Genre: Fiction > Sci-Fi/Fantasy
The Fire People (1922)
It was a fiery invasion from another planet! No one could have suspected that Earth was in mortal danger. It started with a small meteor streaking across the sky before smashing into the Earth’s surface. But the event was so much more than a simple collision between Earth and a wandering piece of space rubble. A strange glow began to radiate from the meteor, a glow unlike anything known to Earthly science; and with these emanations came death-horrifying, incendiary death-because anything coming into contact with that light was immediately destroyed. And soon the fate of Earth fell into the hands of an inquisitive newspaper reporter and a brilliant professor of science as they strived to save mankind from its first interplanetary threat-an attack on Earth from her distant neighbor in the sky – Mercury.
The Shadow Girl (1922)
A mysterious tower appears in the middle of a city, bearing a troubled girl from the future in search of help from today.

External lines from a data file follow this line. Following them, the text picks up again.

lemma degree_constrained_subgraph_independent:
  assumes "finite V" "\<forall>e\<in>E. e \<subseteq> V \<and> card e = 2" "D \<subseteq> V"
    and opt: "\<forall>S\<subseteq>V. weighted_phi E c S \<le> weighted_phi E c D"
    and indep: "\<forall>e\<in>E. \<not> e \<subseteq> {x \<in> V - D. c x \<noteq> 0}"
  shows "\<exists>M\<subseteq>E. (\<forall>v\<in>V. degree M v \<le> c v) \<and> (\<forall>v\<in>V - D. degree M v = c v)"
proof -
  define A where "A = {x \<in> V - D. c x \<noteq> 0}"
  have "hall_condition E c A D"
    unfolding hall_condition_def
  proof (intro allI impI)
    fix X assume XA: "X \<subseteq> A"
    then have "X \<subseteq> V - D" by (auto simp: A_def)
    moreover have "\<forall>e\<in>E. \<not> e \<subseteq> X" using indep XA unfolding A_def by blast
    ultimately show "sum c X \<le> hall_capacity E c D X"
      by (rule hall_inequality_of_optimal[OF assms(1-3) opt])
  qed
  moreover have "finite A" "finite D" "A \<inter> D = {}"
    using assms(1,3) finite_subset by (auto simp: A_def)
  ultimately obtain M where M: "b_matching E A D c M"
    using b_matching_exists by blast
  then have sub: "M \<subseteq> edges_between A D" by (simp add: b_matching_def)
  have outside: "degree M x = c x" if "x \<in> V - D" for x
  proof (cases "x \<in> A")
    case True
    then show ?thesis using M by (simp add: b_matching_def)
  next
    case False
    then show ?thesis
      using that degree_outside_edges_between[OF sub False] by (simp add: A_def)
  qed
  have "degree M x \<le> c x" if "x \<in> V" for x
    using M outside[of x] that by (cases "x \<in> D") (simp_all add: b_matching_def)
  then show ?thesis
    using M outside unfolding b_matching_def by blast
qed

theorem degree_constrained_subgraph:
  assumes "finite V" "\<forall>e\<in>E. e \<subseteq> V \<and> card e = 2" "D \<subseteq> V"
    and "\<forall>S\<subseteq>V. weighted_phi E c S \<le> weighted_phi E c D"
  shows "\<exists>M\<subseteq>E. (\<forall>v\<in>V. degree M v \<le> c v) \<and> (\<forall>v\<in>V - D. degree M v = c v)"
  using assms
proof (induction "card E" arbitrary: E c rule: less_induct)
  case less
  note graph = less.prems(1-3) and opt = less.prems(4)
  show ?case
  proof (cases "\<exists>e\<in>E. e \<subseteq> {x \<in> V - D. c x \<noteq> 0}")
    case False
    then show ?thesis
      using degree_constrained_subgraph_independent[OF graph opt] by blast
  next
    case True
    then obtain e where "e \<in> E" "e \<subseteq> {x \<in> V - D. c x \<noteq> 0}" by blast
    moreover from this(1) have "card e = 2" using graph(2) by blast
    then obtain u v where "e = {u, v}" "u \<noteq> v" by (auto simp: card_2_iff)
    ultimately have e: "{u, v} \<in> E" "u \<noteq> v" "{u, v} \<subseteq> {x \<in> V - D. c x \<noteq> 0}"
      by simp_all
    let ?E' = "E - {{u, v}}" and ?c' = "c(u := c u - 1, v := c v - 1)"
    have "finite E" using graph(1,2) finite_subset[of E "Pow V"] by blast
    then have smaller: "card ?E' < card E" using e(1) by (rule card_Diff1_less)
    have opt': "\<forall>S\<subseteq>V. weighted_phi ?E' ?c' S \<le> weighted_phi ?E' ?c' D"
      using graph(1) opt e(2,3) by (intro weighted_phi_optimal_remove_edge) auto
    have graph': "\<forall>e\<in>?E'. e \<subseteq> V \<and> card e = 2" using graph(2) by blast
    obtain M where M: "M \<subseteq> ?E'" "\<forall>x\<in>V. degree M x \<le> ?c' x" "\<forall>x\<in>V - D. degree M x = ?c' x"
      using less.hyps[OF smaller graph(1) graph' graph(3) opt'] by blast
    have fin: "finite M" using M(1) \<open>finite E\<close> by (meson Diff_subset finite_subset)
    have fresh: "{u, v} \<notin> M" using M(1) by blast
    have "c u \<noteq> 0" "c v \<noteq> 0" using e(3) by auto
    note deg = degree_insert_edge_decrement[OF fin fresh e(2) this]
    have "insert {u, v} M \<subseteq> E" using M(1) e(1) by blast
    moreover have "\<forall>x\<in>V. degree (insert {u, v} M) x \<le> c x"
      using M(2) deg(2) by blast
    moreover have "\<forall>x\<in>V - D. degree (insert {u, v} M) x = c x"
      using M(3) deg(1) by blast
    ultimately show ?thesis by blast
  qed
qed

One of Cummings’ best works, THE SHADOW GIRL remains thoroughly readable and enjoyable even though it was first published more than eighty years ago. "He is a Verne returned and a Wells going forward," remarked "Bob" Davis, dean of American magazine editors. "He is the American H.G. Wells," say other critics. Cummings has an unusual flair for things scientific as evidenced by the fact that while at Princeton University he accomplished the remarkable feat of absorbing three years of physics in that many months. His five years’ association with Thomas Edison as the latter’s personal assistant also added to Cummings’s scientific knowledge. His bizarre early life, living on orange plantations in Puerto Rico, striking oil in Wyoming, gold seeking in British Columbia, timber cruising in the North, before he was twenty, also left its imprint.
The Girl in the Golden Atom (1923)
A classic work of science fiction, this novel was one of the first to explore the world of the atom. The Girl in the Golden Atom is the story of a young chemist who finds a hidden atomic world within his mother’s wedding ring. Under a microscope, he sees within the ring a beautiful young woman sitting before a cave. Enchanted by her, he shrinks himself so that he can join her world. Having worked for Thomas Alva Edison, Ray Cummings was inspired by science’s possibilities and began to write science fiction. The Girl in the Golden Atom was enormously successful at its publication in 1923, and Cummings went on to write an equally successful sequel, The People of the Golden Atom.
The Man who Mastered Time (1924)
It took what seemed but half a day’s traveling to traverse the 28,000 years that separated Loto Rogers from the most beautiful girl he had ever seen. He had expected to find mighty cities and a flowering civilization in that future world, but instead he found only ice and snow—and Azeela.
The Exile of Time (1931)
When a girl who said she had been kidnapped from the year 1777 appeared in modern New York, she was either deluded or the victim of an incredible time-spanning plot. And when it turned out the strange man with a mechanical servant who had kidnapped her had been seen in other centuries, it became clear that a super-scientific plot was afoot that must reach far into the unknown cities of the future. THE EXILE OF TIME is a novel of adventure and wonder such as only the hand of a classic master of science-fiction could have written.